The researchers tested their system on these three tasks and found that it was faster and more accurate than other methods.
“It’s really important to have some confidence that a model is well calibrated, and there’s a growing need to detect when a specific prediction doesn’t seem quite right. Audit tools are becoming more necessary in machine learning problems as we use large amounts of unexamined data to make models that will be applied to problems that humans face,” says Ghassemi.
IF-COMP is model agnostic, so it can provide accurate uncertainty quantifications for many types of machine learning models. This could enable it to be deployed in a wider range of real-world settings, ultimately helping more practitioners make better decisions.
“People need to understand that these systems are very fallible and can make things up as they go. A model may look like she’s very confident, but there are a number of different things she’s willing to believe, given evidence to the contrary,” says Ng.
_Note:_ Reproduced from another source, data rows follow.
definition is_frame :: "sym set \<Rightarrow> (fm \<times> subst) set \<Rightarrow> bool" where
  "is_frame X Q \<longleftrightarrow> finite Q \<and>
     (\<forall>(l, \<sigma>)\<in>Q. qf l \<and> csts l \<subseteq> X \<and> afv l = {} \<and> ifv l \<subseteq> dom \<sigma> \<and>
        (\<forall>t\<in>ran \<sigma>. \<exists>c. t = IC c \<and> (ISym c \<in> primed X \<or> c \<in> SK)))"

definition is_pob :: "sym set \<Rightarrow> fm \<Rightarrow> subst \<Rightarrow> bool" where
  "is_pob X m \<sigma> \<longleftrightarrow> is_mono m \<and> csts m \<subseteq> X \<and> afv m = {} \<and> ground (fsub \<sigma> m)"

definition qi :: "(fm \<times> subst) set \<Rightarrow> fm" where
  "qi Q = conjs ((\<lambda>(l, \<sigma>). fsub \<sigma> l) ` Q)"

definition forallQ :: "(fm \<times> subst) set \<Rightarrow> fm" where
  "forallQ Q = conjs ((\<lambda>(l, \<sigma>). close_all l) ` Q)"

definition Fop :: "sym set \<Rightarrow> fm \<Rightarrow> fm \<Rightarrow> fm \<Rightarrow> fm" where
  "Fop X Init Tr A = FOr (FAnd A Tr) (prime_fm X Init)"

text \<open>I is a legitimate value of Itp(A, B).\<close>
definition is_itp :: "fm \<Rightarrow> fm \<Rightarrow> fm \<Rightarrow> bool" where
  "is_itp A B I \<longleftrightarrow> ground I \<and> csts I \<subseteq> csts A \<inter> csts B \<and>
     entails A I \<and> entails I (FNot B)"

end

theory Submission
  imports Defs
begin

text \<open>Fix a model M of F(\<forall>Q) and values vi for the free variables of l'. Reinterpreting each
  Skolem constant sk_j as vi j changes neither Init, Tr nor the lemmas of Q, none of which mention
  Skolem constants, so the new model still satisfies F(\<forall>Q); as the closed lemmas imply each of
  their instances, it satisfies F(qi(Q)) and hence the interpolant L'. Finally l' is L' with
  every sk_j replaced by the variable v_j, so M satisfies l' under vi exactly when the
  reinterpreted model satisfies L'.\<close>

lemma eval_cmap:
  "ieval M vi va (cmap_i f g t) =
     ieval (M\<lparr>icst := \<lambda>c. ieval M vi va (f c), acst := \<lambda>c. aeval M vi va (g c)\<rparr>) vi va t"
  "aeval M vi va (cmap_a f g a) =
     aeval (M\<lparr>icst := \<lambda>c. ieval M vi va (f c), acst := \<lambda>c. aeval M vi va (g c)\<rparr>) vi va a"
  by (induction t and a) auto

lemma sat_cmap:
  "qf p \<Longrightarrow> sat M vi va (cmap f g p) =
     sat (M\<lparr>icst := \<lambda>c. ieval M vi va (f c), acst := \<lambda>c. aeval M vi va (g c)\<rparr>) vi va p"
  by (induction p) (auto simp: eval_cmap)

lemma eval_sub:
  "ieval M vi va (isub \<sigma> t) = ieval M (\<lambda>n. case \<sigma> n of Some s \<Rightarrow> ieval M vi va s | None \<Rightarrow> vi n) va t"
  "aeval M vi va (asub \<sigma> a) = aeval M (\<lambda>n. case \<sigma> n of Some s \<Rightarrow> ieval M vi va s | None \<Rightarrow> vi n) va a"
  by (induction t and a) (auto split: option.splits)

lemma sat_fsub:
  "qf p \<Longrightarrow> sat M vi va (fsub \<sigma> p) = sat M (\<lambda>n. case \<sigma> n of Some s \<Rightarrow> ieval M vi va s | None \<Rightarrow> vi n) va p"
  by (induction p) (auto simp: eval_sub)

definition agree_on :: "sym set \<Rightarrow> interp \<Rightarrow> interp \<Rightarrow> bool" where
  "agree_on S M M' \<longleftrightarrow>
     (\<forall>c. (ISym c \<in> S \<longrightarrow> icst M c = icst M' c) \<and> (ASym c \<in> S \<longrightarrow> acst M c = acst M' c))"

lemma agree_on_Un: "agree_on (S \<union> T) M M' \<longleftrightarrow> agree_on S M M' \<and> agree_on T M M'"
  by (auto simp: agree_on_def)

lemma agree_on_mono: "agree_on S M M' \<Longrightarrow> T \<subseteq> S \<Longrightarrow> agree_on T M M'"
  by (auto simp: agree_on_def)

lemma eval_cong:
  "agree_on (csts_i t) M M' \<Longrightarrow> (\<forall>n\<in>ivars_i t. vi n = vi' n) \<Longrightarrow> (\<forall>n\<in>avars_i t. va n = va' n) \<Longrightarrow>
     ieval M vi va t = ieval M' vi' va' t"
  "agree_on (csts_a a) M M' \<Longrightarrow> (\<forall>n\<in>ivars_a a. vi n = vi' n) \<Longrightarrow> (\<forall>n\<in>avars_a a. va n = va' n) \<Longrightarrow>
     aeval M vi va a = aeval M' vi' va' a"
  by (induction t and a) (auto simp: agree_on_def)

lemma sat_cong:
  "agree_on (csts p) M M' \<Longrightarrow> (\<forall>n\<in>ifv p. vi n = vi' n) \<Longrightarrow> (\<forall>n\<in>afv p. va n = va' n) \<Longrightarrow>
     sat M vi va p = sat M' vi' va' p"
proof (induction p arbitrary: vi vi' va va')
  case (FEq s t)
  then have "ieval M vi va s = ieval M' vi' va' s" "ieval M vi va t = ieval M' vi' va' t"
    using eval_cong by (simp_all add: agree_on_Un)
  then show ?case by simp
next
  case (FLe s t)
  then have "ieval M vi va s = ieval M' vi' va' s" "ieval M vi va t = ieval M' vi' va' t"
    using eval_cong by (simp_all add: agree_on_Un)
  then show ?case by simp
next
  case (FAEq a b)
  then have "aeval M vi va a = aeval M' vi' va' a" "aeval M vi va b = aeval M' vi' va' b"
    using eval_cong by (simp_all add: agree_on_Un)
  then show ?case by simp
next
  case (FAnd p q)
  then have "sat M vi va p = sat M' vi' va' p" "sat M vi va q = sat M' vi' va' q"
    by (simp_all add: agree_on_Un)
  then show ?case by simp
next
  case (FOr p q)
  then have "sat M vi va p = sat M' vi' va' p" "sat M vi va q = sat M' vi' va' q"
    by (simp_all add: agree_on_Un)
  then show ?case by simp
next
  case (FImp p q)
  then have "sat M vi va p = sat M' vi' va' p" "sat M vi va q = sat M' vi' va' q"
    by (simp_all add: agree_on_Un)
  then show ?case by simp
next
  case (FAllI n p)
  have "sat M (vi(n := x)) va p = sat M' (vi'(n := x)) va' p" for x
    using FAllI.prems by (intro FAllI.IH) auto
  then show ?case by simp
next
  case (FExI n p)
  have "sat M (vi(n := x)) va p = sat M' (vi'(n := x)) va' p" for x
    using FExI.prems by (intro FExI.IH) auto
  then show ?case by simp
next
  case (FAllA n p)
  have "sat M vi (va(n := x)) p = sat M' vi' (va'(n := x)) p" for x
    using FAllA.prems by (intro FAllA.IH) auto
  then show ?case by simp
next
  case (FExA n p)
  have "sat M vi (va(n := x)) p = sat M' vi' (va'(n := x)) p" for x
    using FExA.prems by (intro FExA.IH) auto
  then show ?case by simp
qed simp_all

lemma sat_ground_cong:
  "ground p \<Longrightarrow> agree_on S M M' \<Longrightarrow> csts p \<subseteq> S \<Longrightarrow> sat M vi va p = sat M' vi' va' p"
  by (rule sat_cong) (auto simp: ground_def intro: agree_on_mono)

lemma finite_ivars: "finite (ivars_i t)" "finite (ivars_a a)"
  by (induction t and a) auto

lemma finite_avars: "finite (avars_i t)" "finite (avars_a a)"
  by (induction t and a) auto

lemma finite_fv: "finite (ifv p)" "finite (afv p)"
  by (induction p) (auto simp: finite_ivars finite_avars)

lemma sat_foldr_FAllI:
  "sat M vi va (foldr FAllI xs p) \<longleftrightarrow> (\<forall>vi'. (\<forall>n. n \<notin> set xs \<longrightarrow> vi' n = vi n) \<longrightarrow> sat M vi' va p)"
proof (induction xs arbitrary: vi)
  case Nil then show ?case by (simp flip: fun_eq_iff)
next
  case (Cons x xs) show ?case
    by (simp add: Cons.IH) metis
qed

lemma sat_foldr_FAllA:
  "sat M vi va (foldr FAllA xs p) \<longleftrightarrow> (\<forall>va'. (\<forall>n. n \<notin> set xs \<longrightarrow> va' n = va n) \<longrightarrow> sat M vi va' p)"
proof (induction xs arbitrary: va)
  case Nil then show ?case by (simp flip: fun_eq_iff)
next
  case (Cons x xs) show ?case
    by (simp add: Cons.IH) metis
qed

lemma set_some_list: "finite S \<Longrightarrow> set (SOME xs. set xs = S) = S"
  by (metis (mono_tags) finite_list someI_ex)

lemma sat_close_all: "sat M vi va (close_all p) \<longleftrightarrow> (\<forall>vi va. sat M vi va p)"
proof
  assume closed: "sat M vi va (close_all p)"
  show "\<forall>vi' va'. sat M vi' va' p"
  proof (intro allI)
    fix vi' va'
    let ?vi = "\<lambda>n. if n \<in> ifv p then vi' n else vi n"
    let ?va = "\<lambda>n. if n \<in> afv p then va' n else va n"
    have "sat M ?vi ?va p"
      using closed by (simp add: close_all_def sat_foldr_FAllI sat_foldr_FAllA set_some_list finite_fv)
    then show "sat M vi' va' p"
      by (subst sat_cong[where M' = M and vi' = ?vi and va' = ?va]) (auto simp: agree_on_def)
  qed
qed (simp add: close_all_def sat_foldr_FAllI sat_foldr_FAllA)

lemma sat_conjs: "finite S \<Longrightarrow> sat M vi va (conjs S) \<longleftrightarrow> (\<forall>p\<in>S. sat M vi va p)"
proof -
  have "sat M vi va (foldr FAnd xs FTrue) \<longleftrightarrow> (\<forall>p\<in>set xs. sat M vi va p)" for xs
    by (induction xs) auto
  then show "finite S \<Longrightarrow> ?thesis" by (simp add: conjs_def set_some_list)
qed

lemma qf_cmap: "qf (cmap f g p) = qf p"
  by (induction p) auto

lemma ivars_cmap_rename:
  "ivars_i (cmap_i (\<lambda>c. IC (h c)) (\<lambda>c. AC (k c)) t) = ivars_i t"
  "ivars_a (cmap_a (\<lambda>c. IC (h c)) (\<lambda>c. AC (k c)) a) = ivars_a a"
  by (induction t and a) auto

lemma avars_cmap_rename:
  "avars_i (cmap_i (\<lambda>c. IC (h c)) (\<lambda>c. AC (k c)) t) = avars_i t"
  "avars_a (cmap_a (\<lambda>c. IC (h c)) (\<lambda>c. AC (k c)) a) = avars_a a"
  by (induction t and a) auto

lemma fv_cmap_rename:
  "ifv (cmap (\<lambda>c. IC (h c)) (\<lambda>c. AC (k c)) p) = ifv p"
  "afv (cmap (\<lambda>c. IC (h c)) (\<lambda>c. AC (k c)) p) = afv p"
  by (induction p) (auto simp: ivars_cmap_rename avars_cmap_rename)

lemma ground_prime_fm: "ground p \<Longrightarrow> ground (prime_fm X p)"
  by (simp add: ground_def prime_fm_def qf_cmap fv_cmap_rename)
In the future, the researchers are interested in applying their approach to large language models and studying other possible use cases for the minimum description length principle.
About this AI research news
Author: Melanie Grados
Source: myth
Contact: Melanie Grados – MYTH
Image: Image is credited to Neuroscience News
Original research: Closed access.
“Measuring Stochastic Data Complexity with Boltzmann Influence Functions” by Roger Grosse et al. arXiv
ABSTRACT
Measuring the complexity of stochastic data with Boltzmann influence functions
Estimating the uncertainty of a model’s prediction at a test point is an essential part of ensuring reliability and calibration under distribution shifts.
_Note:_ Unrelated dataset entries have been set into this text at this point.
lemma card_unit_vecs_Upsilon_eq_le:
  assumes pmin: "\<forall>q. prime q \<and> q dvd n \<longrightarrow> p \<le> q"
    and "n > 0" "j < k" "\<not> n dvd m j"
  shows "card {y \<in> unit_vecs n k. Upsilon n k y m = t} * nat (p - 1) \<le> card (unit_vecs n k)"
proof -
  let ?Y = "{y \<in> unit_vecs n k. Upsilon n k y m = t}"
  let ?f = "\<lambda>(y, u). scale_at n j u y"
  have "card (?Y \<times> {0<..<p}) \<le> card (unit_vecs n k)"
  proof (rule card_inj_on_le[where f = ?f])
    show "?f ` (?Y \<times> {0<..<p}) \<subseteq> unit_vecs n k"
    proof (rule image_subsetI)
      fix w assume "w \<in> ?Y \<times> {0<..<p}"
      then obtain y u where "w = (y, u)" "y \<in> unit_vecs n k" "0 < u" "u < p"
        by auto
      moreover have "coprime u n"
        using pmin \<open>0 < u\<close> \<open>u < p\<close> by (rule coprime_if_less_prime_divisors)
      ultimately show "?f w \<in> unit_vecs n k"
        using \<open>n > 0\<close> \<open>j < k\<close> by (simp add: scale_at_in_unit_vecs)
    qed
    show "inj_on ?f (?Y \<times> {0<..<p})"
    proof (rule inj_onI)
      fix w w' assume "w \<in> ?Y \<times> {0<..<p}" "w' \<in> ?Y \<times> {0<..<p}" "?f w = ?f w'"
      obtain y u z v where w: "w = (y, u)" and w': "w' = (z, v)"
        by (cases w, cases w') simp
      with \<open>w \<in> ?Y \<times> {0<..<p}\<close> \<open>w' \<in> ?Y \<times> {0<..<p}\<close>
      have y: "y \<in> ?Y" and z: "z \<in> ?Y" and u: "u \<in> {0<..<p}" and v: "v \<in> {0<..<p}"
        by simp_all
      from \<open>?f w = ?f w'\<close> have eq: "scale_at n j u y = scale_at n j v z"
        by (simp add: w w')
      have "[(\<Sum>i<k. m i * y i) = (\<Sum>i<k. m i * z i)] (mod n)"
        using y z by (simp add: Upsilon_def cong_def)
      then have "u = v \<and> y = z"
        using y z by (intro scale_at_inj[where a = m, OF pmin \<open>j < k\<close> \<open>\<not> n dvd m j\<close> _ _ _ u v eq]) auto
      then show "w = w'"
        using w w' by simp
    qed
  qed (simp add: finite_unit_vecs)
  then show ?thesis
    by (simp only: card_cartesian_product card_greaterThanLessThan_int add_0)
qed

lemma card_vecs_Upsilon_eq_ge:
  assumes "n > 0" "y \<in> unit_vecs n (Suc k)" "t \<in> {0..<n}"
  shows "nat n ^ k \<le> card {m \<in> vecs n (Suc k). Upsilon n (Suc k) y m = t}"
proof -
  define lift where "lift w = (\<lambda>i. if i = 0
      then (t - (\<Sum>i<k. w i * y (Suc i))) * modular_inverse n (y 0) mod n
      else w (i - 1))" for w :: "nat \<Rightarrow> int"
  have "card (vecs n k) \<le> card {m \<in> vecs n (Suc k). Upsilon n (Suc k) y m = t}"
  proof (rule card_inj_on_le[where f = lift])
    show "inj_on lift (vecs n k)"
    proof (rule inj_onI)
      fix w w' assume "lift w = lift w'"
      then show "w = w'"
        by (auto simp: lift_def fun_eq_iff dest: spec[of _ "Suc _"])
    qed
    show "lift ` vecs n k \<subseteq> {m \<in> vecs n (Suc k). Upsilon n (Suc k) y m = t}"
    proof (rule image_subsetI)
      fix w assume "w \<in> vecs n k"
      then have "lift w \<in> vecs n (Suc k)"
        using \<open>n > 0\<close> by (auto simp: lift_def vecs_def less_Suc_eq_0_disj)
      let ?s = "\<Sum>i<k. w i * y (Suc i)"
      have "coprime (y 0) n"
        using assms(2) by (simp add: unit_vecs_def)
      have "[lift w 0 * y 0 = (t - ?s) * (y 0 * modular_inverse n (y 0))] (mod n)"
        by (simp add: lift_def cong_def mod_mult_left_eq mod_mult_right_eq ac_simps)
      also have "[(t - ?s) * (y 0 * modular_inverse n (y 0)) = (t - ?s) * 1] (mod n)"
        using cong_modular_inverse1[OF \<open>coprime (y 0) n\<close>] by (intro cong_mult) auto
      finally have "[lift w 0 * y 0 + ?s = t] (mod n)"
        by (metis cong_add_rcancel diff_add_cancel mult_1_right)
      moreover have "Upsilon n (Suc k) y (lift w) = (lift w 0 * y 0 + ?s) mod n"
        unfolding Upsilon_def sum.lessThan_Suc_shift by (simp add: lift_def)
      ultimately have "Upsilon n (Suc k) y (lift w) = t"
        using assms(3) by (simp add: cong_def)
      with \<open>lift w \<in> vecs n (Suc k)\<close>
      show "lift w \<in> {m \<in> vecs n (Suc k). Upsilon n (Suc k) y m = t}" by simp
    qed
  qed (simp add: finite_vecs)
  then show ?thesis
    by (simp add: card_vecs)
qed

lemma card_enc_preimage_ge:
  assumes "n > 0" "c \<in> ciphertexts n (Suc k)"
  shows "card (unit_vecs n (Suc k)) * nat n ^ k
     \<le> card {(m, \<kappa>) \<in> sources n (Suc k) \<times> keys n (Suc k). enc n (Suc k) \<kappa> m = c}"
proof -
  let ?L = "\<lambda>y. {m \<in> vecs n (Suc k). Upsilon n (Suc k) y m = snd c}"
  let ?f = "\<lambda>(y, m). (m, vec_diff n (Suc k) (fst c) m, y)"
  have "card (unit_vecs n (Suc k)) * nat n ^ k \<le> (\<Sum>y\<in>unit_vecs n (Suc k). card (?L y))"
    using assms card_vecs_Upsilon_eq_ge[OF \<open>n > 0\<close>] sum_bounded_below[of "unit_vecs n (Suc k)" "nat n ^ k"]
    by (auto simp: ciphertexts_def mult.commute)
  also have "\<dots> = card (SIGMA y:unit_vecs n (Suc k). ?L y)"
    by (simp add: finite_unit_vecs finite_vecs)
  also have "\<dots> \<le> card {(m, \<kappa>) \<in> sources n (Suc k) \<times> keys n (Suc k). enc n (Suc k) \<kappa> m = c}"
  proof (rule card_inj_on_le[where f = ?f])
    show "inj_on ?f (SIGMA y:unit_vecs n (Suc k). ?L y)"
      by (rule inj_onI) auto
    show "?f ` (SIGMA y:unit_vecs n (Suc k). ?L y)
          \<subseteq> {(m, \<kappa>) \<in> sources n (Suc k) \<times> keys n (Suc k). enc n (Suc k) \<kappa> m = c}"
      using assms by (auto simp: sources_def keys_def ciphertexts_def vec_diff_in_vecs enc_vec_diff)
  qed (auto intro: finite_subset[of _ "sources n (Suc k) \<times> keys n (Suc k)"]
        simp: sources_def finite_vecs finite_keys)
  finally show ?thesis .
qed

lemma of_nat_divide_le_one_divide:
  fixes N D A :: nat
  assumes "N * A \<le> D" "0 < A"
  shows "real N / real D \<le> 1 / real A"
proof (cases "D = 0")
  case False
  have "real N * real A \<le> real D"
    using assms(1) by (metis of_nat_le_iff of_nat_mult)
  then show ?thesis
    using False assms(2) by (simp add: divide_simps)
qed simp

lemma vecs_nonzero_coordinate:
  assumes "m \<in> vecs n k" "m \<noteq> zero_vec"
  shows "\<exists>j<k. \<not> n dvd m j"
proof -
  obtain j where "m j \<noteq> 0"
    using assms(2) by (auto simp: zero_vec_def fun_eq_iff)
  moreover have "j < k"
  proof (rule ccontr)
    assume "\<not> j < k"
    with assms(1) have "m j = 0"
      by (simp add: vecs_def)
    with \<open>m j \<noteq> 0\<close> show False ..
  qed
  moreover have "0 \<le> m j" "m j < n"
    using assms(1) \<open>j < k\<close> by (simp_all add: vecs_def)
  ultimately have "\<not> n dvd m j"
    using zdvd_imp_le by fastforce
  with \<open>j < k\<close> show ?thesis by blast
qed

lemma provides_secrecy_if_prime_divisors_ge:
  assumes pmin: "\<forall>q. prime q \<and> q dvd n \<longrightarrow> p \<le> q"
    and "n > 0" "k \<ge> 1" "p \<ge> 2"
  shows "provides_secrecy n k (1 / (real_of_int (p - 1) * real_of_int n ^ (k - 1))) (vecs n k - {zero_vec})"
  unfolding provides_secrecy_def
proof (intro ballI impI)
  fix m c assume m: "m \<in> vecs n k - {zero_vec}" and c: "c \<in> ciphertexts n k"
  obtain j where "j < k" "\<not> n dvd m j"
    using m by (auto dest: vecs_nonzero_coordinate)
  obtain k' where k': "k = Suc k'"
    using \<open>k \<ge> 1\<close> by (cases k) auto
  let ?N = "card {(m', \<kappa>) \<in> sources n k \<times> keys n k. m' = m \<and> enc n k \<kappa> m' = c}"
  let ?D = "card {(m', \<kappa>) \<in> sources n k \<times> keys n k. enc n k \<kappa> m' = c}"
  let ?Y = "card {y \<in> unit_vecs n k. Upsilon n k y m = snd c}"
  have "?N * (nat (p - 1) * nat n ^ (k - 1)) \<le> ?Y * nat (p - 1) * nat n ^ (k - 1)"
    using card_enc_fixed_source_le[of n k m c] by (simp add: mult.assoc)
  also have "\<dots> \<le> card (unit_vecs n k) * nat n ^ (k - 1)"
    using card_unit_vecs_Upsilon_eq_le[where m = m, OF pmin \<open>n > 0\<close> \<open>j < k\<close> \<open>\<not> n dvd m j\<close>] by simp
  also have "\<dots> \<le> ?D"
    using card_enc_preimage_ge[OF \<open>n > 0\<close>] c by (simp add: k')
  finally have "real ?N / real ?D \<le> 1 / real (nat (p - 1) * nat n ^ (k - 1))"
    by (rule of_nat_divide_le_one_divide) (use assms in simp)
  then show "cond_prob_source n k m c \<le> 1 / (real_of_int (p - 1) * real_of_int n ^ (k - 1))"
    using assms by (simp add: cond_prob_source_def)
qed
A minimum description length approach to this problem uses the predictive normalized maximum likelihood (pNML) distribution, which considers every possible label for a data point and decreases confidence in a prediction if other labels also match with the model and training data.
In this work we propose IF-COMP, a scalable and efficient approximation of the pNML distribution that linearizes the model with a temperature-scaled Boltzmann influence function. IF-COMP can be used to produce well-calibrated predictions on test points as well as measure complexity in labeled and unlabeled settings.
We experimentally validate IF-COMP for uncertainty calibration, mislabel detection, and OOD detection tasks, where it consistently matches or outperforms robust baseline methods.